The Atlanta multifamily market has experienced a 200-point jump in its vacancy rate when compared to the fourth quarter of last year. The market-wide total rate is sitting at 12. 5 percent, and the rate for Class B and Class C properties is a few percentage points higher. These numbers are, of course, a function of the recession and the overall lack of job stability in the city. When the jobs return, says Andrew Mays of Marcus & Millichap’s Atlanta office, the vacancy rate will start to recede.
“Unemployment is the main deterrent to multifamily growth,” he says. “It’s such a function of the job market right now, and until we work our way through this, it’s going to take a little while to get that number back in check. Ideally, Atlanta performs much better around the high single digits.”
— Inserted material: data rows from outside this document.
lemma shifted_estimate_risk:
  fixes g :: "'n::real_inner"
  assumes X_ne: "X \<noteq> {}" and \<phi>: "\<phi> \<in> borel_measurable P"
    and p_meas: "\<And>x. x \<in> X \<Longrightarrow> p (A x) \<in> borel_measurable P"
    and p_nonneg: "\<And>x. x \<in> X \<Longrightarrow> \<forall>\<omega>\<in>space P. 0 \<le> p (A x) \<omega>"
    and int_pos: "\<And>x. x \<in> X \<Longrightarrow> integrable P (\<lambda>\<omega>. exp (\<phi> \<omega> / \<alpha>) * p (A x) \<omega>)"
    and int_neg: "\<And>x. x \<in> X \<Longrightarrow> integrable P (\<lambda>\<omega>. exp (- \<phi> \<omega> / \<alpha>) * p (A x) \<omega>)"
    and \<alpha>: "0 < \<alpha>" and \<epsilon>: "0 < \<epsilon>" and \<eta>: "0 < \<eta>"
    and Phi_le: "\<And>x y. x \<in> X \<Longrightarrow> y \<in> X \<Longrightarrow> Phi_r P p A g (ln (2 / \<epsilon>)) x y \<phi> \<alpha> \<le> T"
  shows "\<exists>c. Risk P p A X g (\<lambda>\<omega>. \<phi> \<omega> + c) \<epsilon> \<le> ereal (T / 2 + \<eta>)"
proof -
  define r where "r = ln (2 / \<epsilon>)"
  define mgf_up where "mgf_up x = (\<integral>\<omega>. exp (\<phi> \<omega> / \<alpha>) * p (A x) \<omega> \<partial>P)" for x
  define mgf_low where "mgf_low x = (\<integral>\<omega>. exp (- \<phi> \<omega> / \<alpha>) * p (A x) \<omega> \<partial>P)" for x
  have "(g \<bullet> x + \<alpha> * ln (mgf_low x) + \<alpha> * r) + (- (g \<bullet> y) + \<alpha> * ln (mgf_up y) + \<alpha> * r) \<le> T"
    if "x \<in> X" "y \<in> X" for x y
    using Phi_le[OF that] unfolding Phi_r_def mgf_up_def mgf_low_def r_def by (simp add: algebra_simps)
  then obtain c where c: "\<And>x. x \<in> X \<Longrightarrow>
      g \<bullet> x + \<alpha> * ln (mgf_low x) + \<alpha> * r \<le> T / 2 + c \<and> - (g \<bullet> x) + \<alpha> * ln (mgf_up x) + \<alpha> * r \<le> T / 2 - c"
    using separable_bound_split[OF X_ne, of "\<lambda>x. g \<bullet> x + \<alpha> * ln (mgf_low x) + \<alpha> * r"
        "\<lambda>y. - (g \<bullet> y) + \<alpha> * ln (mgf_up y) + \<alpha> * r"] by blast
  have \<alpha>_shift: "\<alpha> * (r + \<eta> / \<alpha>) = \<alpha> * r + \<eta>" using \<alpha> by (simp add: field_simps)
  have "dev_prob P p A g (\<lambda>\<omega>. \<phi> \<omega> + c) x (T / 2 + \<eta>) \<le> 2 * exp (- (r + \<eta> / \<alpha>))" if x: "x \<in> X" for x
  proof -
    have "{\<omega>\<in>space P. \<bar>\<phi> \<omega> + c - g \<bullet> x\<bar> > T / 2 + \<eta>}
        = {\<omega>\<in>space P. T / 2 + \<eta> < \<bar>\<phi> \<omega> - (g \<bullet> x - c)\<bar>}"
      by (auto simp: algebra_simps)
    moreover have "\<alpha> * ln (mgf_up x) \<le> (g \<bullet> x - c) + (T / 2 + \<eta>) - \<alpha> * (r + \<eta> / \<alpha>)"
      and "\<alpha> * ln (mgf_low x) \<le> (T / 2 + \<eta>) - (g \<bullet> x - c) - \<alpha> * (r + \<eta> / \<alpha>)"
      using c[OF x] unfolding \<alpha>_shift by linarith+
    then have "measure (density P (\<lambda>\<omega>. ennreal (p (A x) \<omega>)))
        {\<omega>\<in>space P. T / 2 + \<eta> < \<bar>\<phi> \<omega> - (g \<bullet> x - c)\<bar>} \<le> 2 * exp (- (r + \<eta> / \<alpha>))"
      unfolding mgf_up_def mgf_low_def
      by (intro two_sided_chernoff[OF \<phi> p_meas[OF x] p_nonneg[OF x] int_pos[OF x] int_neg[OF x] \<alpha>])
    ultimately show ?thesis unfolding dev_prob_def by simp
  qed
  moreover have "2 * exp (- (r + \<eta> / \<alpha>)) < \<epsilon>"
  proof -
    have "exp (- r) = \<epsilon> / 2" unfolding r_def using \<epsilon> by (simp add: exp_minus)
    then have "2 * exp (- (r + \<eta> / \<alpha>)) = \<epsilon> * exp (- (\<eta> / \<alpha>))"
      by (simp add: exp_diff exp_minus field_simps)
    also have "\<dots> < \<epsilon>" using \<epsilon> \<alpha> \<eta> by simp
    finally show ?thesis .
  qed
  ultimately show ?thesis using Risk_le[OF X_ne] by blast
qed

lemma half_Inf_approx:
  fixes S :: "ereal set" and R :: "'a \<Rightarrow> ereal"
  assumes "Z \<noteq> {}" and R_nonneg: "\<And>z. z \<in> Z \<Longrightarrow> 0 \<le> R z"
    and achieve: "\<And>s T \<eta>. s \<in> S \<Longrightarrow> s \<le> ereal T \<Longrightarrow> 0 < \<eta> \<Longrightarrow> \<exists>z\<in>Z. R z \<le> ereal (T / 2 + \<eta>)"
    and "0 < \<delta>"
  shows "\<exists>z\<in>Z. R z \<le> ereal (1 / 2) * Inf S + ereal \<delta>"
proof (cases "Inf S = \<infinity>")
  case True
  then show ?thesis using \<open>Z \<noteq> {}\<close> by auto
next
  case False
  have "0 \<le> s" if s: "s \<in> S" for s
  proof (rule ccontr)
    assume "\<not> 0 \<le> s"
    then have "s < ereal 0" by (simp add: zero_ereal_def)
    then obtain T where "s < ereal T" "ereal T < ereal 0" using ereal_dense2 by blast
    then have T: "s < ereal T" "T < 0" by simp_all
    have "\<exists>z\<in>Z. R z \<le> ereal (T / 2 + - T / 4)"
      by (rule achieve[OF s less_imp_le[OF T(1)]]) (use T(2) in simp)
    then obtain z where "z \<in> Z" "R z \<le> ereal (T / 2 + - T / 4)" by blast
    moreover have "ereal (T / 2 + - T / 4) < 0" using \<open>T < 0\<close> by simp
    ultimately show False using R_nonneg[of z] by (meson order.trans not_le)
  qed
  then have "0 \<le> Inf S" by (rule Inf_greatest)
  with False obtain s\<^sub>0 where s\<^sub>0: "Inf S = ereal s\<^sub>0" by (cases "Inf S") simp_all
  then have "Inf S < ereal (s\<^sub>0 + \<delta>)" using \<open>0 < \<delta>\<close> by simp
  then obtain s where s: "s \<in> S" "s < ereal (s\<^sub>0 + \<delta>)" by (auto simp: Inf_less_iff)
  have "\<exists>z\<in>Z. R z \<le> ereal ((s\<^sub>0 + \<delta>) / 2 + \<delta> / 2)"
    by (rule achieve[OF s(1) less_imp_le[OF s(2)]]) (use \<open>0 < \<delta>\<close> in simp)
  then obtain z where "z \<in> Z" "R z \<le> ereal ((s\<^sub>0 + \<delta>) / 2 + \<delta> / 2)" by blast
  moreover have "ereal ((s\<^sub>0 + \<delta>) / 2 + \<delta> / 2) = ereal (1 / 2) * Inf S + ereal \<delta>"
    unfolding s\<^sub>0 by (simp add: field_simps)
  ultimately show ?thesis by auto
qed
Increased transactions from high net-worth buyers from South Florida, the Northeast and Chicago, along with the occasional foreign spender, has helped prevent a complete shutdown of the market. Mays says the number of transactions, and interest from international investors, will increase once lenders release more distressed assets onto the market.
“Moving forward, It’s not going to be ‘06 or ‘07 by any stretch, but it will be significantly better than this year,” Mays says. “There’s a ton of capital sitting on the sidelines waiting to jump in.”
Developers in the coming years will start pursuing work more actively. Lending will free up eventually, and demand for new apartment spaces and condominium projects will increase. Mays says he thinks developers in the future will be more conservative about building rampant projects without an adequate amount of demand. Speculative buildings will take a lot to get off the ground because memories of a crippling recession will change the way developments are built.
“It’s definitely going to hold people in check as far as the developing boom that we lived through in the last several years,” Mays says. “That, obviously, is going to take its toll, and that will put some fear into people.” But real estate is cyclical, and unspoken real estate rules prevalent in recessionary times are likely to be broken once money starts flowing. As Mays says, “It’s amazing that once things start going again, people have a short-term memory.”